TORONTO, CANADA - APRIL 18: A close-up view of the stitches and leather surface of a baseball with the MLB logo on it is displayed prior to the start of batting practice before the Toronto Blue Jays MLB game against the Chicago White Sox on April 18, 2013 at Rogers Centre in Toronto, Ontario, Canada.
Tom Szczerbowski/Getty Images
March 10, 2022 9:56 PM EST

Major League Baseball reached a new labor agreement with its players union, ending a three-month lockout and paving the way for the season to start next month.

The tentative agreement with the Major League Baseball Players Association still must be approved by team owners, a spokesman for the union said Thursday. Opening day is scheduled for April 7, a week late, and the league is expected to play a full 162-game schedule, ESPN reported.

The deal averts a potential disaster for MLB, which was already coping with the loss of TV viewers and looking for ways to speed up games that now average three hours-plus. The long contests have made baseball a tougher sell for a younger generation raised on YouTube clips.

The deal is good news for TV networks including AT&T Inc.’s WarnerMedia, Walt Disney Co.’s ESPN, Fox Corp. and Sinclair Broadcast Group Inc., which air the games.

The league is also trying to reach cord-cutters who don’t get cable TV. On Tuesday, Apple Inc. reached a deal with Major League Baseball to air Friday night games on its streaming service, marking the iPhone maker’s first major foray into sports broadcasting.

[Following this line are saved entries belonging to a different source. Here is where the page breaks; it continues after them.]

(* Let $C_h$ be the set of all $\theta \in [\pi/3,\pi/2]$ such that $\theta = \theta(\Gamma)$ for some $\Gamma \in \mathrm{WR}(\Lambda_h)$. Then $\theta \in C_h$ if and only if $$\cos\theta = \frac{1}{2}\cdot\frac{|n^2+2mn-2m^2|}{n^2-mn+m^2}$$ for some $m,n \in \mathbb{Z}$ with $\gcd(m,n)=1$, $1 \le m/n \le 2$ and $3 \nmid (m+n)$. Moreover, for $\theta \in C_h$ and such integers $m,n$ corresponding to $\theta$, let $$\Gamma_\theta = \frac12\begin{bmatrix} m+n & m-2n \\ (m-n)\sqrt3 & m\sqrt3\end{bmatrix}\mathbb{Z}^2 .$$ Then $\Gamma_\theta \subseteq \Lambda_h$, the similarity class $C_h(\theta)$ equals the set of all $\Omega \in \mathrm{WR}(\Lambda_h)$ similar to $\Gamma_\theta$, and for every $\Gamma \in C_h(\theta)$, $$|\Gamma| \ge |\Gamma_\theta| = n^2-mn+m^2, \qquad |\Lambda_h:\Gamma| \ge |\Lambda_h:\Gamma_\theta| = (2m-n)n .$$ Furthermore, $$C_h(\theta) = \{\sqrt{k}\,A\,\Gamma_\theta \subseteq \Lambda_h : k \in \mathbb{Z}_{>0},\ A \in O_2(\mathbb{R})\}.$$
   Context: $\Lambda_h = \begin{bmatrix} 1 & -1/2 \\ 0 & \sqrt3/2\end{bmatrix}\mathbb{Z}^2 \subset \mathbb{R}^2$ is the hexagonal lattice. For a lattice $\Gamma = A\mathbb{Z}^2\subset\mathbb{R}^2$ of full rank, $\det(\Gamma)=|\det A|$, and its minimum is $|\Gamma| = \min\{\|y\|^2 : y \in \Gamma\setminus\{0\}\}$ (squared Euclidean norm); vectors attaining it are minimal vectors. For a sublattice $\Gamma\subseteq\Lambda_h$ of full rank, $|\Lambda_h:\Gamma| = \det(\Gamma)/\det(\Lambda_h)$. $\Gamma$ is well-rounded (WR) if it has a basis consisting of minimal vectors (a minimal basis); such a minimal basis can always be chosen with angle between the two vectors in $[\pi/3,\pi/2]$, and this angle is an invariant of $\Gamma$, called the angle $\theta(\Gamma)$. $\mathrm{WR}(\Lambda_h)$ denotes the set of WR sublattices of $\Lambda_h$ (of full rank). Two lattices $\Gamma_1,\Gamma_2$ are similar if $\Gamma_2 = \alpha A\Gamma_1$ for some nonzero real $\alpha$ and $A \in O_2(\mathbb{R})$; two WR lattices are similar iff they have the same angle. For $\theta\in C_h$, $C_h(\theta)$ denotes the set of all $\Omega\in\mathrm{WR}(\Lambda_h)$ with $\theta(\Omega)=\theta$. *)

theory Defs
  imports "HOL-Analysis.Analysis"
begin

text \<open>Vectors of the plane are elements of real^2; 2x2 real matrices are real^2^2.
  A matrix A acts by A *v x, so the lattice A Z^2 is generated by the columns of A.\<close>

definition int_vecs :: "(real^2) set" where
  "int_vecs = {z. \<forall>i. z $ i \<in> \<int>}"

definition lattice_of :: "real^2^2 \<Rightarrow> (real^2) set" where
  "lattice_of A = (\<lambda>z. A *v z) ` int_vecs"

definition is_lattice :: "(real^2) set \<Rightarrow> bool" where
  "is_lattice L \<longleftrightarrow> (\<exists>A. det A \<noteq> 0 \<and> L = lattice_of A)"

text \<open>det(Gamma) = |det A| for any basis matrix A (independent of the choice of A).\<close>
definition lat_det :: "(real^2) set \<Rightarrow> real" where
  "lat_det L = (THE d. \<exists>A. det A \<noteq> 0 \<and> L = lattice_of A \<and> d = \<bar>det A\<bar>)"

definition lat_min :: "(real^2) set \<Rightarrow> real" where
  "lat_min L = Inf {(norm y)\<^sup>2 | y. y \<in> L \<and> y \<noteq> 0}"

definition minimal_vector :: "(real^2) set \<Rightarrow> real^2 \<Rightarrow> bool" where
  "minimal_vector L x \<longleftrightarrow> x \<in> L \<and> x \<noteq> 0 \<and> (norm x)\<^sup>2 = lat_min L"

definition cols :: "real^2 \<Rightarrow> real^2 \<Rightarrow> real^2^2" where
  "cols x y = (\<chi> i j. if j = 1 then x $ i else y $ i)"

definition lattice_basis :: "(real^2) set \<Rightarrow> real^2 \<Rightarrow> real^2 \<Rightarrow> bool" where
  "lattice_basis L x y \<longleftrightarrow> det (cols x y) \<noteq> 0 \<and> L = lattice_of (cols x y)"

definition minimal_basis :: "(real^2) set \<Rightarrow> real^2 \<Rightarrow> real^2 \<Rightarrow> bool" where
  "minimal_basis L x y \<longleftrightarrow> lattice_basis L x y \<and> minimal_vector L x \<and> minimal_vector L y"

definition well_rounded :: "(real^2) set \<Rightarrow> bool" where
  "well_rounded L \<longleftrightarrow> is_lattice L \<and> (\<exists>x y. minimal_basis L x y)"

definition vec_angle :: "real^2 \<Rightarrow> real^2 \<Rightarrow> real" where
  "vec_angle x y = arccos ((x \<bullet> y) / (norm x * norm y))"

text \<open>The angle theta(Gamma) of a WR lattice: the angle of a minimal basis chosen with
  angle in [pi/3, pi/2] (this angle is an invariant of Gamma).\<close>
definition lattice_angle :: "(real^2) set \<Rightarrow> real" where
  "lattice_angle L = (THE t. \<exists>x y. minimal_basis L x y \<and> t = vec_angle x y
                               \<and> pi/3 \<le> t \<and> t \<le> pi/2)"

definition hex_matrix :: "real^2^2" where
  "hex_matrix = (\<chi> i j. if i = 1 then (if j = 1 then 1 else -1/2)
                        else (if j = 1 then 0 else sqrt 3 / 2))"

definition Lambda_h :: "(real^2) set" where
  "Lambda_h = lattice_of hex_matrix"

definition WR_hex :: "(real^2) set set" where
  "WR_hex = {G. is_lattice G \<and> G \<subseteq> Lambda_h \<and> well_rounded G}"

definition lat_index :: "(real^2) set \<Rightarrow> real" where
  "lat_index G = lat_det G / lat_det Lambda_h"

definition similar :: "(real^2) set \<Rightarrow> (real^2) set \<Rightarrow> bool" where
  "similar G1 G2 \<longleftrightarrow> (\<exists>(\<alpha>::real) A. \<alpha> \<noteq> 0 \<and> orthogonal_matrix A
                        \<and> G2 = (\<lambda>x. \<alpha> *\<^sub>R (A *v x)) ` G1)"

definition C_h :: "real set" where
  "C_h = {t. pi/3 \<le> t \<and> t \<le> pi/2 \<and> (\<exists>G\<in>WR_hex. t = lattice_angle G)}"

definition C_h_class :: "real \<Rightarrow> (real^2) set set" where
  "C_h_class t = {G \<in> WR_hex. lattice_angle G = t}"

definition Gamma_mat :: "int \<Rightarrow> int \<Rightarrow> real^2^2" where
  "Gamma_mat m n = (\<chi> i j. (1/2) * (if i = 1 then (if j = 1 then of_int (m + n) else of_int (m - 2*n))
                        else (if j = 1 then of_int (m - n) * sqrt 3 else of_int m * sqrt 3)))"

definition Gamma_theta :: "int \<Rightarrow> int \<Rightarrow> (real^2) set" where
  "Gamma_theta m n = lattice_of (Gamma_mat m n)"

definition hex_param :: "real \<Rightarrow> int \<Rightarrow> int \<Rightarrow> bool" where
  "hex_param t m n \<longleftrightarrow> coprime m n \<and> 1 \<le> real_of_int m / real_of_int n
     \<and> real_of_int m / real_of_int n \<le> 2 \<and> \<not> (3 dvd (m + n))
     \<and> cos t = (1/2) * (\<bar>real_of_int (n^2 + 2*m*n - 2*m^2)\<bar> / real_of_int (n^2 - m*n + m^2))"

end

theory Submission
  imports Defs
begin

text \<open>A well-rounded planar lattice has a minimal basis \<open>x, y\<close> with \<open>\<bar>x\<bar> = \<bar>y\<bar>\<close> and
  \<open>2\<bar>x \<bullet> y\<bar> \<le> \<bar>x\<bar>\<^sup>2\<close>; it determines minimum, determinant and angle, and two such lattices with
  the same angle differ by a similarity. For a sublattice of \<open>\<Lambda>\<^sub>h\<close> the integers
  \<open>X = 2\<bar>x \<bullet> y\<bar>\<close>, \<open>Y = 2 det/\<surd>3\<close>, \<open>Z = 2\<bar>x\<bar>\<^sup>2\<close> satisfy \<open>X\<^sup>2 + 3Y\<^sup>2 = Z\<^sup>2\<close> and
  \<open>cos \<theta> = X/Z\<close>. Parametrising the rational points of this ellipse by the slope \<open>(Z + X)/Y\<close>
  yields the stated formula for \<open>cos \<theta>\<close>, and the substitution \<open>(m, n) \<mapsto> (m + n, 2m - n)\<close>
  makes \<open>m, n\<close> coprime with \<open>\<not> 3 dvd m + n\<close>. Conversely \<open>\<Gamma>\<^sub>\<theta>\<close> has angle \<open>\<theta>\<close>,
  minimum \<open>Q = n\<^sup>2 - mn + m\<^sup>2\<close> and index \<open>(2m - n)n\<close>, and these are coprime. Any \<open>\<Omega>\<close> of
  angle \<open>\<theta>\<close> is \<open>\<surd>(N/Q) A \<Gamma>\<^sub>\<theta>\<close> with \<open>N = |\<Omega>|\<close>; integrality of its index then forces
  \<open>Q dvd N\<close>, so \<open>\<Omega> = \<surd>k A \<Gamma>\<^sub>\<theta>\<close>, and minimum and index of \<open>\<Omega>\<close> are \<open>k\<close> times those of
  \<open>\<Gamma>\<^sub>\<theta>\<close>.\<close>

section \<open>Planar lattices given by a basis\<close>

lemma cols_nth [simp]: "cols x y $ i $ 1 = x $ i" "cols x y $ i $ 2 = y $ i"
  by (auto simp: cols_def)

But the sport will need more ways to reverse a decline in interest from even its loyal fans. Attendance fell to 68.5 million in 2019, the lowest since at least 2006. TV viewership rebounded last year, with the World Series audience on Fox up 20% to almost 12 million viewers. Still, that was well below the recent peak of 23.4 million in 2016.

Owners locked out the players in early December after their existing labor agreement expired. The players association said salaries weren’t keeping up with revenue and sought changes to a system that the union said offered big paydays to a handful of free-agent stars but didn’t benefit many others.

On Wednesday, the league said it was canceling more games after two late-night negotiating sessions failed to result in an agreement.